(Stored items)
lemma sqrt_width_bound:
  fixes d n :: nat
  assumes "0 < d"
  defines "W \<equiv> nat \<lfloor>sqrt (2 * real d * real n) + 2 * real d\<rfloor>"
  shows "d \<le> W" and "n \<le> (\<Sum>j<W. (W - j) div d)"
    and "real W \<le> sqrt (2 * real d * real n) + 2 * real d"
proof -
  define s where "s = sqrt (2 * real d * real n)"
  define F where "F = (\<Sum>j<W. (W - j) div d)"
  have "0 \<le> s" and s_sq: "s * s = 2 * real d * real n"
    unfolding s_def by simp_all
  then have W: "real W \<le> s + 2 * real d" "s + 2 * real d < real W + 1"
    unfolding W_def s_def[symmetric] by linarith+
  show "real W \<le> sqrt (2 * real d * real n) + 2 * real d"
    using W(1) unfolding s_def .
  show "d \<le> W"
    using W \<open>0 \<le> s\<close> by linarith
  have "1 \<le> real d"
    using assms(1) by simp
  then have "s * s \<le> real W * (real W + 3 - 2 * real d)"
    using W \<open>0 \<le> s\<close> by (intro mult_mono) auto
  also have "\<dots> \<le> 2 * real d * real F"
    using sum_div_lower_bound[OF assms(1), of W W, folded F_def] by (simp add: algebra_simps)
  finally have "real n \<le> real F"
    using s_sq assms(1) by simp
  then show "n \<le> (\<Sum>j<W. (W - j) div d)"
    unfolding F_def of_nat_le_iff .
qed

lemma degenerate_ordering:
  assumes "degenerate V E d"
  obtains f where "bij_betw f {..<card V} V"
    and "\<And>u. u < card V \<Longrightarrow> card {w. w < u \<and> E (f u) (f w)} \<le> d"
proof -
  obtain vs where vs: "distinct vs" "set vs = V"
    and back_deg: "\<And>i. i < length vs \<Longrightarrow> card {j. j < i \<and> E (vs ! i) (vs ! j)} \<le> d"
    using assms unfolding degenerate_def by blast
  have "card V = length vs"
    using vs distinct_card by blast
  then show ?thesis
    using that[of "(!) vs"] bij_betw_nth[OF vs(1) _ vs(2)[symmetric]] back_deg by simp
qed

lemma degenerate_0_edgeless:
  assumes "simple_graph V E" "degenerate V E 0"
  shows "\<not> E u v"
proof
  assume uv: "E u v"
  obtain f where f: "bij_betw f {..<card V} V"
    and back_deg: "\<And>a. a < card V \<Longrightarrow> card {w. w < a \<and> E (f a) (f w)} \<le> 0"
    using degenerate_ordering[OF assms(2)] by metis
  have vu: "E v u" and "u \<in> V" "v \<in> V"
    using assms(1) uv unfolding simple_graph_def by blast+
  obtain a b where ab: "a < card V" "b < card V" "u = f a" "v = f b"
    using f \<open>u \<in> V\<close> \<open>v \<in> V\<close> unfolding bij_betw_def by blast
  have no_back: "\<not> E (f a') (f b')" if "b' < a'" "a' < card V" for a' b'
  proof
    assume "E (f a') (f b')"
    then have "{w. w < a' \<and> E (f a') (f w)} \<noteq> {}"
      using that by blast
    moreover have "finite {w. w < a' \<and> E (f a') (f w)}"
      by simp
    ultimately have "0 < card {w. w < a' \<and> E (f a') (f w)}"
      using card_gt_0_iff by blast
    then show False
      using back_deg[OF that(2)] by simp
  qed
  have "a \<noteq> b"
    using assms(1) uv ab unfolding simple_graph_def by blast
  then show False
    using no_back[of b a] no_back[of a b] ab uv vu by (cases "b < a") auto
qed

lemma twin_width_edgeless:
  assumes "finite V" "\<And>u v. \<not> E u v"
  shows "twin_width V E = 0"
proof -
  obtain f where f: "bij_betw f {..<card V} V"
    using ex_bij_betw_nat_finite[OF assms(1)] by (auto simp: atLeast0LessThan)
  have "twin_width V E \<le> 0"
  proof (rule twin_width_le_cut_sequence[OF f])
    show "{Suc 0..<card V} = {1..<card V}"
      by simp
    show "\<exists>c\<in>{Suc r..<card V}. {Suc (Suc r)..<card V} = {Suc r..<card V} - {c}" if "Suc r < card V" for r
      using that by (intro bexI[of _ "Suc r"]) auto
    show "red_degree (\<lambda>a b. E (f a) (f b)) (cut_blocks (card V) {Suc r..<card V}) B \<le> 0" for r B
      using assms(2) by (simp add: red_degree_edgeless)
  qed
  then show ?thesis
    by simp
qed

● **Exercise directions**: Go through the data above and repeat all of it exactly.

● **Response**:
lemma sqrt_width_bound:
  fixes d n :: nat
  assumes "0 < d"
  defines "W \<equiv> nat \<lfloor>sqrt (2 * real d * real n) + 2 * real d\<rfloor>"
  shows "d \<le> W" and "n \<le> (\<Sum>j<W. (W - j) div d)"
    and "real W \<le> sqrt (2 * real d * real n) + 2 * real d"
proof -
  define s where "s = sqrt (2 * real d * real n)"
  define F where "F = (\<Sum>j<W. (W - j) div d)"
  have "0 \<le> s" and s_sq: "s * s = 2 * real d * real n"
    unfolding s_def by simp_all
  then have W: "real W \<le> s + 2 * real d" "s + 2 * real d < real W + 1"
    unfolding W_def s_def[symmetric] by linarith+
  show "real W \<le> sqrt (2 * real d * real n) + 2 * real d"
    using W(1) unfolding s_def .
  show "d \<le> W"
    using W \<open>0 \<le> s\<close> by linarith
  have "1 \<le> real d"
    using assms(1) by simp
  then have "s * s \<le> real W * (real W + 3 - 2 * real d)"
    using W \<open>0 \<le> s\<close> by (intro mult_mono) auto
  also have "\<dots> \<le> 2 * real d * real F"
    using sum_div_lower_bound[OF assms(1), of W W, folded F_def] by (simp add: algebra_simps)
  finally have "real n \<le> real F"
    using s_sq assms(1) by simp
  then show "n \<le> (\<Sum>j<W. (W - j) div d)"
    unfolding F_def of_nat_le_iff .
qed

lemma degenerate_ordering:
  assumes "degenerate V E d"
  obtains f where "bij_betw f {..<card V} V"
    and "\<And>u. u < card V \<Longrightarrow> card {w. w < u \<and> E (f u) (f w)} \<le> d"
proof -
  obtain vs where vs: "distinct vs" "set vs = V"
    and back_deg: "\<And>i. i < length vs \<Longrightarrow> card {j. j < i \<and> E (vs ! i) (vs ! j)} \<le> d"
    using assms unfolding degenerate_def by blast
  have "card V = length vs"
    using vs distinct_card by blast
  then show ?thesis
    using that[of "(!) vs"] bij_betw_nth[OF vs(1) _ vs(2)[symmetric]] back_deg by simp
qed

lemma degenerate_0_edgeless:
  assumes "simple_graph V E" "degenerate V E 0"
  shows "\<not> E u v"
proof
  assume uv: "E u v"
  obtain f where f: "bij_betw f {..<card V} V"
    and back_deg: "\<And>a. a < card V \<Longrightarrow> card {w. w < a \<and> E (f a) (f w)} \<le> 0"
    using degenerate_ordering[OF assms(2)] by metis
  have vu: "E v u" and "u \<in> V" "v \<in> V"
    using assms(1) uv unfolding simple_graph_def by blast+
  obtain a b where ab: "a < card V" "b < card V" "u = f a" "v = f b"
    using f \<open>u \<in> V\<close> \<open>v \<in> V\<close> unfolding bij_betw_def by blast
  have no_back: "\<not> E (f a') (f b')" if "b' < a'" "a' < card V" for a' b'
  proof
    assume "E (f a') (f b')"
    then have "{w. w < a' \<and> E (f a') (f w)} \<noteq> {}"
      using that by blast
    moreover have "finite {w. w < a' \<and> E (f a') (f w)}"
      by simp
    ultimately have "0 < card {w. w < a' \<and> E (f a') (f w)}"
      using card_gt_0_iff by blast
    then show False
      using back_deg[OF that(2)] by simp
  qed
  have "a \<noteq> b"
    using assms(1) uv ab unfolding simple_graph_def by blast
  then show False
    using no_back[of b a] no_back[of a b] ab uv vu by (cases "b < a") auto
qed

lemma twin_width_edgeless:
  assumes "finite V" "\<And>u v. \<not> E u v"
  shows "twin_width V E = 0"
proof -
  obtain f where f: "bij_betw f {..<card V} V"
    using ex_bij_betw_nat_finite[OF assms(1)] by (auto simp: atLeast0LessThan)
  have "twin_width V E \<le> 0"
  proof (rule twin_width_le_cut_sequence[OF f])
    show "{Suc 0..<card V} = {1..<card V}"
      by simp
    show "\<exists>c\<in>{Suc r..<card V}. {Suc (Suc r)..<card V} = {Suc r..<card V} - {c}" if "Suc r < card V" for r
      using that by (intro bexI[of _ "Suc r"]) auto
    show "red_degree (\<lambda>a b. E (f a) (f b)) (cut_blocks (card V) {Suc r..<card V}) B \<le> 0" for r B
      using assms(2) by (simp add: red_degree_edgeless)
  qed
  then show ?thesis
    by simp
qed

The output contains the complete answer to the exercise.